> _Given data_
lemma has_pair_less_iff:
  assumes "set t = {m..<M}" "distinct t"
  shows "has_pair (<) t \<longleftrightarrow> t \<noteq> rev [m..<M]"
proof -
  have "has_pair (<) t \<longleftrightarrow> \<not> sorted_wrt (>) t"
    unfolding has_pair_def sorted_wrt_iff_nth_less
  proof
    assume "\<exists>a b. a < b \<and> b < length t \<and> t ! a < t ! b"
    then show "\<not> (\<forall>i j. i < j \<longrightarrow> j < length t \<longrightarrow> t ! j < t ! i)" by (meson less_asym)
  next
    assume "\<not> (\<forall>i j. i < j \<longrightarrow> j < length t \<longrightarrow> t ! j < t ! i)"
    then obtain a b where ab: "a < b" "b < length t" "\<not> t ! b < t ! a" by blast
    moreover have "t ! a \<noteq> t ! b" using ab nth_eq_iff_index_eq[OF assms(2)] by fastforce
    ultimately show "\<exists>a b. a < b \<and> b < length t \<and> t ! a < t ! b" by (metis linorder_neqE_nat)
  qed
  also have "sorted_wrt (>) t \<longleftrightarrow> sorted_wrt (<) (rev t)" by (simp add: sorted_wrt_rev)
  also have "\<dots> \<longleftrightarrow> rev t = [m..<M]"
  proof
    assume "sorted_wrt (<) (rev t)"
    then have "sorted (rev t)" "distinct (rev t)" by (auto simp: strict_sorted_iff)
    then have "sorted_list_of_set (set (rev t)) = rev t"
      by (rule sorted_list_of_set.idem_if_sorted_distinct)
    then show "rev t = [m..<M]" using assms(1) by simp
  qed simp
  finally show ?thesis by (simp add: rev_swap)
qed

lemma has_pair_greater_iff:
  assumes "set t = {m..<M}" "distinct t"
  shows "has_pair (>) t \<longleftrightarrow> t \<noteq> [m..<M]"
  using has_pair_less_iff[of "rev t" m M] has_pair_rev[of "(<)" t] assms by (simp add: rev_swap)

text \<open>In a list whose entries form an interval, every ascent yields an ascent by exactly one: the
  value \<open>t ! a + 1\<close> occurs somewhere, either after position \<open>a\<close> or before position \<open>b\<close>, and
  in the latter case we recurse on a shorter value gap.\<close>

lemma has_pair_succ_if_ascent:
  assumes "set t = {m..<M}" "a < b" "b < length t" "t ! a < t ! b"
  shows "has_pair (\<lambda>x y. y = x + 1) t"
  using assms(2-)
proof (induction "t ! b - t ! a" arbitrary: a b rule: less_induct)
  case less
  show ?case
  proof (cases "t ! b = t ! a + 1")
    case True
    then show ?thesis using less.prems unfolding has_pair_def by blast
  next
    case False
    then have "t ! a + 1 < t ! b" using less.prems by auto
    moreover have "t ! a \<in> set t" "t ! b \<in> set t" using less.prems by auto
    ultimately have "t ! a + 1 \<in> set t" using assms(1) by auto
    then obtain c where c: "c < length t" "t ! c = t ! a + 1" by (auto simp: in_set_conv_nth)
    show ?thesis
    proof (cases "a < c")
      case True
      then show ?thesis using c unfolding has_pair_def by blast
    next
      case False
      moreover have "c \<noteq> a" using c by auto
      ultimately have "c < a" by simp
      then have "c < b" "t ! c < t ! b" "t ! b - t ! c < t ! b - t ! a"
        using less.prems c \<open>t ! a + 1 < t ! b\<close> by auto
      then show ?thesis using less.hyps less.prems(2) by blast
    qed
  qed
qed

lemma has_pair_succ_iff:
  assumes "set t = {m..<M}"
  shows "has_pair (\<lambda>x y. y = x + 1) t \<longleftrightarrow> has_pair (<) t"
  using has_pair_succ_if_ascent[OF assms] unfolding has_pair_def by fastforce

lemma has_pair_pred_iff:
  assumes "set t = {m..<M}"
  shows "has_pair (\<lambda>x y. x = y + 1) t \<longleftrightarrow> has_pair (>) t"
  using has_pair_succ_iff[of "rev t" m M] has_pair_rev[of _ t] assms by simp

lemma perm_nth_gt_head:
  assumes "\<pi> \<in> permutations_of_set {1..n}" "\<pi> ! 0 = 1" "0 < x" "x < n"
  shows "1 < \<pi> ! x"
proof -
  have "distinct \<pi>" "set \<pi> = {1..n}" "length \<pi> = n"
    using assms(1) length_perm_of_set by (auto simp: permutations_of_set_def)
  then have "\<pi> ! x \<in> {1..n}" "\<pi> ! x \<noteq> \<pi> ! 0"
    using assms(3,4) nth_eq_iff_index_eq[of \<pi> x 0] by auto
  then show ?thesis using assms(2) by auto
qed

lemma contains_bv_iff_head_one_and_pair:
  fixes R :: "nat \<Rightarrow> nat \<Rightarrow> bool"
  assumes p: "\<pi> \<in> permutations_of_set {1..n}" and v: "valid_bvpat (\<sigma>, X, Y)"
    and occurs_imp: "\<And>i. occurs_at \<pi> \<sigma> X Y i \<Longrightarrow>
      i 1 = 1 \<and> \<pi> ! 0 = 1 \<and> 1 < i 2 \<and> i 2 < i 3 \<and> i 3 \<le> n \<and> R (\<pi> ! (i 2 - 1)) (\<pi> ! (i 3 - 1))"
    and occurs_if: "\<And>a b. \<pi> ! 0 = 1 \<Longrightarrow> 0 < a \<Longrightarrow> a < b \<Longrightarrow> b < n \<Longrightarrow>
      1 < \<pi> ! a \<Longrightarrow> 1 < \<pi> ! b \<Longrightarrow> R (\<pi> ! a) (\<pi> ! b) \<Longrightarrow>
      occurs_at \<pi> \<sigma> X Y (\<lambda>m. if m = 1 then 1 else if m = 2 then a + 1 else b + 1)"
  shows "contains_bv \<pi> (\<sigma>, X, Y) \<longleftrightarrow> \<pi> ! 0 = 1 \<and> has_pair R (tl \<pi>)"
proof -
  have "contains_bv \<pi> (\<sigma>, X, Y) \<longleftrightarrow>
      \<pi> ! 0 = 1 \<and> (\<exists>a b. 1 \<le> a \<and> a < b \<and> b < n \<and> R (\<pi> ! a) (\<pi> ! b))"
    unfolding contains_bv_iff_occurs_at[OF v]
  proof safe
    fix i assume "occurs_at \<pi> \<sigma> X Y i"
    then have "i 1 = 1 \<and> \<pi> ! 0 = 1 \<and> 1 < i 2 \<and> i 2 < i 3 \<and> i 3 \<le> n \<and> R (\<pi> ! (i 2 - 1)) (\<pi> ! (i 3 - 1))"
      by (rule occurs_imp)
    then show "\<pi> ! 0 = 1" and "\<exists>a b. 1 \<le> a \<and> a < b \<and> b < n \<and> R (\<pi> ! a) (\<pi> ! b)"
      by (simp, intro exI[of _ "i 2 - 1"] exI[of _ "i 3 - 1"]) auto
  next
    fix a b assume "\<pi> ! 0 = 1" "1 \<le> a" "a < b" "b < n" "R (\<pi> ! a) (\<pi> ! b)"
    moreover have "1 < \<pi> ! a" "1 < \<pi> ! b"
      using perm_nth_gt_head[OF p \<open>\<pi> ! 0 = 1\<close>] \<open>1 \<le> a\<close> \<open>a < b\<close> \<open>b < n\<close> by auto
    ultimately have "occurs_at \<pi> \<sigma> X Y (\<lambda>m. if m = 1 then 1 else if m = 2 then a + 1 else b + 1)"
      by (intro occurs_if) auto
    then show "\<exists>i. occurs_at \<pi> \<sigma> X Y i" by blast
  qed
  then show ?thesis using has_pair_tl length_perm_of_set[OF p] by simp
qed

text \<open>Stated in the simp normal form of \<open>\<forall>a\<in>{1..length [x, y, z]}. P a\<close>.\<close>

lemma ball_Suc_0_to_3: "(\<forall>a\<in>{Suc 0..Suc (Suc (Suc 0))}. P a) \<longleftrightarrow> P 1 \<and> P 2 \<and> P 3"
proof -
  have "{Suc 0..Suc (Suc (Suc 0))} = {1, 2, 3}" by auto
  then show ?thesis by simp
qed

lemma is_perm_123: "is_perm [1,2,3]" and is_perm_132: "is_perm [1,3,2]"
  by (auto simp: permutations_of_set_def)

lemma position_123: "position [1,2,3] 1 = 1" "position [1,2,3] 2 = 2" "position [1,2,3] 3 = 3"
  using position_nth[OF is_perm_123, of 0] position_nth[OF is_perm_123, of 1]
    position_nth[OF is_perm_123, of 2] by simp_all

lemma position_132: "position [1,3,2] 1 = 1" "position [1,3,2] 2 = 3" "position [1,3,2] 3 = 2"
  using position_nth[OF is_perm_132, of 0] position_nth[OF is_perm_132, of 1]
    position_nth[OF is_perm_132, of 2] by simp_all

lemma contains_bv_123_iff:
  assumes "\<pi> \<in> permutations_of_set {1..n}"
  shows "contains_bv \<pi> ([1,2,3], {0}, {0}) \<longleftrightarrow> \<pi> ! 0 = 1 \<and> has_pair (<) (tl \<pi>)"
  using is_perm_123 length_perm_of_set[OF assms]
  by (intro contains_bv_iff_head_one_and_pair[OF assms])
    (auto simp: valid_bvpat_def occurs_at_def ball_Suc_0_to_3 ext_seq_def position_123[simplified])

lemma contains_bv_123_adjacent_iff:
  assumes "\<pi> \<in> permutations_of_set {1..n}"
  shows "contains_bv \<pi> ([1,2,3], {0}, {0,2}) \<longleftrightarrow> \<pi> ! 0 = 1 \<and> has_pair (\<lambda>x y. y = x + 1) (tl \<pi>)"
  using is_perm_123 length_perm_of_set[OF assms]
  by (intro contains_bv_iff_head_one_and_pair[OF assms])
    (auto simp: valid_bvpat_def occurs_at_def ball_Suc_0_to_3 ext_seq_def position_123[simplified])

lemma contains_bv_132_iff:
  assumes "\<pi> \<in> permutations_of_set {1..n}"
  shows "contains_bv \<pi> ([1,3,2], {0}, {0}) \<longleftrightarrow> \<pi> ! 0 = 1 \<and> has_pair (>) (tl \<pi>)"
  using is_perm_132 length_perm_of_set[OF assms]
  by (intro contains_bv_iff_head_one_and_pair[OF assms])
    (auto simp: valid_bvpat_def occurs_at_def ball_Suc_0_to_3 ext_seq_def position_132[simplified])

lemma contains_bv_132_adjacent_iff:
  assumes "\<pi> \<in> permutations_of_set {1..n}"
  shows "contains_bv \<pi> ([1,3,2], {0}, {0,2}) \<longleftrightarrow> \<pi> ! 0 = 1 \<and> has_pair (\<lambda>x y. x = y + 1) (tl \<pi>)"
  using is_perm_132 length_perm_of_set[OF assms]
  by (intro contains_bv_iff_head_one_and_pair[OF assms])
    (auto simp: valid_bvpat_def occurs_at_def ball_Suc_0_to_3 ext_seq_def position_132[simplified])

lemma perms_head_one_eq:
  fixes n :: nat
  assumes "n \<ge> 1"
  shows "{\<pi> \<in> permutations_of_set {1..n}. \<pi> ! 0 = 1} = (\<lambda>t. 1 # t) ` permutations_of_set {2..<n + 1}"
proof -
  have interval: "{1..n} = insert 1 {2..<n + 1}" "1 \<notin> {2..<n + 1}" using assms by auto
  show ?thesis
  proof (intro equalityI subsetI)
    fix \<pi> assume \<pi>: "\<pi> \<in> {\<pi> \<in> permutations_of_set {1..n}. \<pi> ! 0 = 1}"
    then have "\<pi> \<noteq> []" using assms length_perm_of_set by fastforce
    with \<pi> have "\<pi> = 1 # tl \<pi>" by (cases \<pi>) auto
    with \<pi> have "tl \<pi> \<in> permutations_of_set {2..<n + 1}"
      unfolding permutations_of_set_def interval by (metis (mono_tags) distinct.simps(2)
        insert_ident list.set(2) mem_Collect_eq interval(2))
    with \<open>\<pi> = 1 # tl \<pi>\<close> show "\<pi> \<in> (\<lambda>t. 1 # t) ` permutations_of_set {2..<n + 1}" by blast
  qed (use assms in \<open>auto simp: permutations_of_set_def interval\<close>)
qed

lemma card_perms_head_one:
  fixes n :: nat
  assumes "n \<ge> 1"
  shows "card {\<pi> \<in> permutations_of_set {1..n}. \<pi> ! 0 = 1} = fact (n - 1)"
  unfolding perms_head_one_eq[OF assms] by (simp add: card_image)

lemma avoid_count_head_one_and_pair:
  fixes n :: nat and R :: "nat \<Rightarrow> nat \<Rightarrow> bool"
  assumes "n \<ge> 1"
    and contains_iff: "\<And>\<pi>. \<pi> \<in> permutations_of_set {1..n} \<Longrightarrow>
                          contains_bv \<pi> p \<longleftrightarrow> \<pi> ! 0 = 1 \<and> has_pair R (tl \<pi>)"
    and tail_iff: "\<And>t. t \<in> permutations_of_set {2..<n + 1} \<Longrightarrow> has_pair R t \<longleftrightarrow> t \<noteq> w"
    and w: "w \<in> permutations_of_set {2..<n + 1}"
  shows "avoid_count n p = fact n - fact (n - 1) + 1"
proof -
  let ?P = "permutations_of_set {1..n}"
  let ?H = "{\<pi> \<in> ?P. \<pi> ! 0 = 1}"
  have "\<not> contains_bv \<pi> p \<longleftrightarrow> \<pi> \<notin> ?H \<or> \<pi> = 1 # w" if "\<pi> \<in> ?P" for \<pi>
  proof (cases "\<pi> \<in> ?H")
    case True
    then obtain t where "\<pi> = 1 # t" "t \<in> permutations_of_set {2..<n + 1}"
      using perms_head_one_eq[OF assms(1)] by blast
    then show ?thesis using contains_iff[OF that] tail_iff that by auto
  qed (use contains_iff[OF that] that in auto)
  then have "{\<pi> \<in> ?P. \<not> contains_bv \<pi> p} = insert (1 # w) (?P - ?H)"
    using perms_head_one_eq[OF assms(1)] w by auto
  moreover have "1 # w \<notin> ?P - ?H" by simp
  ultimately have "avoid_count n p = card (?P - ?H) + 1"
    unfolding avoid_count_def by simp
  also have "card (?P - ?H) = fact n - fact (n - 1)"
    by (simp add: card_Diff_subset card_perms_head_one[OF assms(1)] del: One_nat_def)
  finally show ?thesis .
qed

> _Problem description_
Print, exactly as written, the first line of the records above and each line after it until the line with "assms(2)] by fastforce", which is printed too.

> _Exercise solution_
lemma has_pair_less_iff:
  assumes "set t = {m..<M}" "distinct t"
  shows "has_pair (<) t \<longleftrightarrow> t \<noteq> rev [m..<M]"
proof -
  have "has_pair (<) t \<longleftrightarrow> \<not> sorted_wrt (>) t"
    unfolding has_pair_def sorted_wrt_iff_nth_less
  proof
    assume "\<exists>a b. a < b \<and> b < length t \<and> t ! a < t ! b"
    then show "\<not> (\<forall>i j. i < j \<longrightarrow> j < length t \<longrightarrow> t ! j < t ! i)" by (meson less_asym)
  next
    assume "\<not> (\<forall>i j. i < j \<longrightarrow> j < length t \<longrightarrow> t ! j < t ! i)"
    then obtain a b where ab: "a < b" "b < length t" "\<not> t ! b < t ! a" by blast
    moreover have "t ! a \<noteq> t ! b" using ab nth_eq_iff_index_eq[OF assms(2)] by fastforce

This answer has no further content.